Andreas Leknessund (Uno-X), vencedor da 7.ª etapa da Vuelta 2026
Andreas Leknessund (Uno-X), vencedor da 7.ª etapa da Vuelta 2026

Vuelta: Leknessund vence em dia de Pogacar sem 'instinto matador'

Norueguês da Uno-X foi o mais forte dos fugitivos na última subida, enquanto o esloveno abdicou da habitual sede de vitória, mas no final ainda ganhou alguns segundos à concorrência

Um dia depois de ter sido surpreendido após um ataque em montanha, algo raríssimo, Tadej Pogacar abdicou da vitória numa etapa com chegada em alto, o que também é incomum no esloveno, e geriu a condição de líder com ampla vantagem sobre os adversários ao permitir que a fuga vingasse ao sétimo dia da Volta a Espanha. A equipa UAE Emirates limitou-se a controlar o avanço dos fugitivos, nenhum ameaçando a camisola vermelha de Pogacar, que resistiu ao aumento de ritmo da Decathlon e aos ataques de Felix Gall, chefe-de-fila da formação francesa, antes de voltar a ganhar tempo à concorrência após acelerar a dois quilómetros da meta.

Na dianteira, impondo-se num quinteto em longa fuga, o norueguês Andreas Leknessund, conquistou a etapa em Aramón de Valdelinares, com 34 segundos de vantagem sobre o compatriota e companheiro de equipa na Uno-X, Tobias Johannesen, depois de ambos, à vez, terem deixado para trás o belga Wout van Aert (Visma), terceiro a 47 segundos do vencedor.

Tadej Pogacar cruzou a meta na 19.ª posição, a 4.23 minutos de Leknessund, um resultado pouco habitual no bicampeão mundial numa etapa de montanha de uma grande Volta, mas perfeitamente adequado à condição de líder folgado da classificação geral. Desta vez, o esloveno, já vencedor de três etapas, a mais recente na véspera, depois de enorme desgaste da equipa UAE e num desfecho pouco habitual, surpreendentemente alcançado numa subida dura pelo espanhol Enric Mas, batendo-o ao sprint final, aguardou pelo desenrolar da corrida no pelotão, sacrificando a permanente ambição de conquista por uma abordagem mais conservadora e sensata, e igualmente proveitosa para a vitória na Vuelta. Ganhou mais alguns segundos aos rivais diretos na luta - se ainda haverá - pela camisola vermelha.

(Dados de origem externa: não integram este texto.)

lemma melonic_residue_melon: "melonic A {b, w} (residue_edges A m {b, w}) snd fst"
proof (rule melonic_melon)
  have "residue_edges A m {b, w} = (\<lambda>k. (k, {b, w})) ` A"
    unfolding residue_edges_def using melon_swap by (auto simp: insert_commute)
  then show "bij_betw fst (residue_edges A m {b, w}) A" "\<forall>e\<in>residue_edges A m {b, w}. snd e = {b, w}"
    by (auto simp: bij_betw_def inj_on_def image_image)
qed (use matching_system_colours[OF ms] matching_systemD(2)[OF ms _ b, of 0] w in auto)

end

definition rewire :: "(nat \<Rightarrow> 'v \<Rightarrow> 'v) \<Rightarrow> nat \<Rightarrow> 'v \<Rightarrow> 'v \<Rightarrow> nat \<Rightarrow> 'v \<Rightarrow> 'v" where
  "rewire m a u v = m(a := (\<lambda>z. if z = u then v else if z = v then u else m a z))"

lemma rewire_apply:
  "rewire m a u v k z = (if k = a \<and> z = u then v else if k = a \<and> z = v then u else m k z)"
  by (simp add: rewire_def)

text \<open>The vertices b and w = m 0 b are joined by all colours except a; this dipole is an
  elementary melon inserted on the colour-a edge \<open>{u, v}\<close>, which rewire m a u v removes again.\<close>
context
  fixes A V m blk a b w u v
  assumes ms: "matching_system A V m blk" and b: "b \<in> V" "blk b" and a: "a \<in> A"
    and w: "w = m 0 b" and u: "u = m a b" and v: "v = m a w"
    and deviates: "u \<noteq> w" and others: "\<forall>k\<in>A - {a}. m k b = w"
begin

lemma dipole_facts:
  shows "w \<in> V" "u \<in> V" "v \<in> V" "w \<noteq> b" "u \<noteq> b" "v \<noteq> w" "v \<noteq> b" "u \<noteq> v"
    "m a u = b" "m a v = w" "m 0 w = b" "\<not> blk w" "\<not> blk u" "blk v"
    "\<forall>k\<in>A - {a}. m k w = b"
proof -
  have k: "a \<in> insert 0 A" "0 \<in> insert 0 A" using a by auto
  note D = matching_systemD[OF ms]
  show wV: "w \<in> V" and "u \<in> V" using D(1)[OF k(2) b(1)] D(1)[OF k(1) b(1)] w u by auto
  then show "v \<in> V" using D(1)[OF k(1)] v by simp
  show "w \<noteq> b" "u \<noteq> b" "v \<noteq> w" using D(2)[OF k(2) b(1)] D(2)[OF k(1) b(1)] D(2)[OF k(1) wV] w u v
    by auto
  show "m a u = b" "m a v = w" "m 0 w = b"
    using D(3)[OF k(1) b(1)] D(3)[OF k(1) wV] D(3)[OF k(2) b(1)] w u v by auto
  then show "v \<noteq> b" "u \<noteq> v" using deviates \<open>w \<noteq> b\<close> u by auto
  show "\<not> blk w" "\<not> blk u" "blk v"
    using D(4)[OF k(2) b(1)] D(4)[OF k(1) b(1)] D(4)[OF k(1) wV] b(2) w u v by auto
  show "\<forall>k\<in>A - {a}. m k w = b" using D(3)[OF _ b(1)] others w by (metis DiffD1 insertCI)
qed

lemma matching_system_rewire: "matching_system A (V - {b, w}) (rewire m a u v) blk"
proof -
  note F = dipole_facts and D = matching_systemD[OF ms]
  have "rewire m a u v k x \<in> V - {b, w} \<and> rewire m a u v k x \<noteq> x \<and>
      rewire m a u v k (rewire m a u v k x) = x \<and> (blk (rewire m a u v k x) \<longleftrightarrow> \<not> blk x)"
    if k: "k \<in> insert 0 A" and x: "x \<in> V - {b, w}" for k x
  proof (cases "k = a \<and> (x = u \<or> x = v)")
    case True
    then show ?thesis using F(2-8,13,14) deviates by (auto simp: rewire_apply)
  next
    case False
    have "x \<in> V" "x \<noteq> b" "x \<noteq> w" using x by auto
    have "m k x \<notin> {b, w} \<and> (k = a \<longrightarrow> m k x \<notin> {u, v})"
    proof (cases "k = a")
      case True
      then have "x \<noteq> u" "x \<noteq> v" using False by auto
      then show ?thesis
        using True D(3)[OF k \<open>x \<in> V\<close>] \<open>x \<noteq> b\<close> \<open>x \<noteq> w\<close> F(9,10) u v by auto
    next
      case False
      then have "m k b = w" "m k w = b" using k others F(11,15) w by auto
      then show ?thesis using False D(3)[OF k \<open>x \<in> V\<close>] \<open>x \<noteq> b\<close> \<open>x \<noteq> w\<close> by auto
    qed
    then show ?thesis using D[OF k \<open>x \<in> V\<close>] False by (auto simp: rewire_apply)
  qed
  then show ?thesis using ms unfolding matching_system_def by auto
qed

lemma colour_cycle_rewire:
  assumes i: "i \<in> A" and z: "z \<in> V - {b, w}" "blk z"
  shows "colour_cycle (rewire m a u v) i z = colour_cycle m i z - {b}"
proof -
  note F = dipole_facts and D = matching_systemD[OF ms]
  have "a \<noteq> 0" using a matching_system_colours(3)[OF ms] by metis
  show ?thesis
  proof (cases "i = a")
    case False
    then have "cycle_step (rewire m a u v) i = cycle_step m i"
      using \<open>a \<noteq> 0\<close> by (simp add: rewire_def cycle_step_def[abs_def])
    moreover have "colour_cycle (rewire m a u v) i z \<subseteq> V - {b, w}"
      using colour_cycle_subset[OF matching_system_rewire i z(1)] .
    ultimately show ?thesis unfolding colour_cycle_def by auto
  next
    case True
    define B where "B = {x \<in> V - {b, w}. blk x}"
    have ka: "a \<in> insert 0 A" "0 \<in> insert 0 A" using a by auto
    have "m 0 u \<noteq> b" using D(3)[OF ka(2) F(2)] w deviates by auto
    moreover have "m 0 u \<noteq> w" using D(3)[OF ka(2) F(2)] F(5,11) by auto
    ultimately have m0u: "m 0 u \<in> B"
      using D(1,4)[OF ka(2) F(2)] F(13) unfolding B_def by simp
    have "forward_orbit (cycle_step (rewire m a u v) a) z = forward_orbit (cycle_step m a) z - {b}"
    proof (rule forward_orbit_bypass)
      show "v \<in> B" "z \<in> B" "b \<notin> B" using F z unfolding B_def by auto
      show "cycle_step m a v = b" "cycle_step m a b \<in> B" "cycle_step (rewire m a u v) a v = cycle_step m a b"
        using F(8-11) m0u u \<open>a \<noteq> 0\<close> unfolding cycle_step_def by (simp_all add: rewire_apply)
      show "\<forall>x\<in>B. x \<noteq> v \<longrightarrow> cycle_step (rewire m a u v) a x = cycle_step m a x"
        using F(13) \<open>a \<noteq> 0\<close> unfolding B_def cycle_step_def by (auto simp: rewire_apply)
      show "\<forall>x\<in>B. cycle_step m a x \<in> B \<or> cycle_step m a x = b"
      proof
        fix x assume "x \<in> B"
        then have "cycle_step m a x \<in> V" "blk (cycle_step m a x)"
          using cycle_step_in[OF ms a] unfolding B_def by auto
        then show "cycle_step m a x \<in> B \<or> cycle_step m a x = b" using F(12) unfolding B_def by auto
      qed
      show "\<forall>x\<in>B. cycle_step m a x = b \<longrightarrow> x = v"
      proof (intro ballI impI)
        fix x assume "x \<in> B" "cycle_step m a x = b"
        then have "x \<in> V" "m 0 (m 0 (m a x)) = w" unfolding B_def cycle_step_def w by auto
        then have "m a (m a x) = v" using D(1,3)[OF ka(2)] D(1)[OF ka(1)] v by auto
        then show "x = v" using D(3)[OF ka(1) \<open>x \<in> V\<close>] by simp
      qed
    qed
    then show ?thesis using True unfolding colour_cycle_def by simp
  qed
qed

lemma constellation_acyclic_rewire:
  assumes acyclic: "constellation_acyclic A V m blk"
  shows "constellation_acyclic A (V - {b, w}) (rewire m a u v) blk"
proof
  let ?V' = "V - {b, w}" and ?m' = "rewire m a u v"
  define h where "h x = (case x of Inl z \<Rightarrow> Inl z | Inr (i, C) \<Rightarrow> Inr (i, \<Union> (colour_cycle m i ` C)))"
    for x :: "'a + nat \<times> 'a set"
  have h_cycle: "h (Inr (i, colour_cycle ?m' i z)) = Inr (i, colour_cycle m i z)"
    if "i \<in> A" "z \<in> ?V'" "blk z" for i z
  proof -
    let ?C = "colour_cycle ?m' i z"
    have "colour_cycle m i y = colour_cycle m i z" if "y \<in> ?C" for y
      using colour_cycle_eq[OF ms \<open>i \<in> A\<close>] colour_cycle_rewire[OF \<open>i \<in> A\<close> \<open>z \<in> ?V'\<close> \<open>blk z\<close>] that
        \<open>z \<in> ?V'\<close> by auto
    then have "(\<Union>y\<in>?C. colour_cycle m i y) = (\<Union>y\<in>?C. colour_cycle m i z)" by (rule SUP_cong[OF refl])
    moreover have "z \<in> ?C" unfolding colour_cycle_def by (rule forward_orbit_self)
    ultimately show ?thesis unfolding h_def by (simp only: sum.case prod.case UN_constant) auto
  qed
  have constellation_vertex: "(\<exists>z. x = Inl z \<and> z \<in> ?V') \<or>
      (\<exists>i z. x = Inr (i, colour_cycle ?m' i z) \<and> i \<in> A \<and> z \<in> ?V' \<and> blk z \<and>
         h x = Inr (i, colour_cycle m i z))"
    if "x \<in> constellation_vertices A ?V' ?m' blk" for x
    using that h_cycle unfolding constellation_vertices_def by blast
  assume "has_cycle (constellation_vertices A ?V' ?m' blk) (constellation_edges A ?V' blk) (constellation_ends ?m')"
  then have "has_cycle (constellation_vertices A V m blk) (constellation_edges A V blk) (constellation_ends m)"
  proof (rule has_cycle_image[where h = h and g = id])
    show "inj_on h (constellation_vertices A ?V' ?m' blk)"
    proof (rule inj_onI)
      fix x y assume "x \<in> constellation_vertices A ?V' ?m' blk" "y \<in> constellation_vertices A ?V' ?m' blk" "h x = h y"
      then show "x = y"
        using constellation_vertex[of x] constellation_vertex[of y] colour_cycle_rewire unfolding h_def by auto
    qed
    show "h ` constellation_vertices A ?V' ?m' blk \<subseteq> constellation_vertices A V m blk"
      using constellation_vertex unfolding constellation_vertices_def h_def by fastforce
    show "\<forall>e\<in>constellation_edges A ?V' blk. constellation_ends m (id e) = h ` constellation_ends ?m' e"
      using h_cycle unfolding constellation_edges_def constellation_ends_def h_def by auto
  qed (auto simp: constellation_edges_def)
  with acyclic show False by simp
qed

Pogacar provou - se ainda necessitasse - que continua a ser o mais forte em competição, principalmente face a Enric Mas, que não foi capaz de responder à aceleração de Pogacar na fase final da derradeira ascensão, cedendo-lhe 16 segundos. O austríaco Felix Gall, que foi o único dos corredores da geral a mexer com a corrida, primeira com a equipa a intensificar o ritmo no pelotão durante a última subida e depois a desferir um ou dois ataques que causaram as cedências de 12 segundos por Primoz Roglic (Red Bull), Oscar Onley (Netcompany) e Sepp Kuss. O maior perdedor nesta jornada foi o equatoriano Richard Carapaz (EF Education), que deixou 1.29 minutos em relação a Gall.   

Na classificação geral, Pogacar aumentou para 3.50 minutos a vantagem sobre o Enric Mas e para 4.50 face ao compatriota Primoz Roglic (Red Bull-BORA-hansgrohe), segundo e terceiro, respetivamente. 

João Almeida não chegou a ser chamado ao trabalho na equipa UAE Emirates, como na etapa da véspera, descolando do grupo principal quando a Decathlon acelerou, e concluiu a tirada na 111.ª posição a 20.20 minutos do vencedor. O português é o 112.º da geral, a 1:09.06 de Tadej Pogacar. Ivo Oliveira, ao invés do compatriota, foi um dos mais ativos na formação dos Emirados na missão de controlar a fuga e após esse enorme esforço terminou a etapa na posição 170, a 29.46 minutos de Andreas Leknessun (na geral, 172 entre 178 ciclistas).   

No sábado, a oitava etapa, em terreno plano, corre-se entre Puçol e Xeraco, na distância de 171 quilómetros.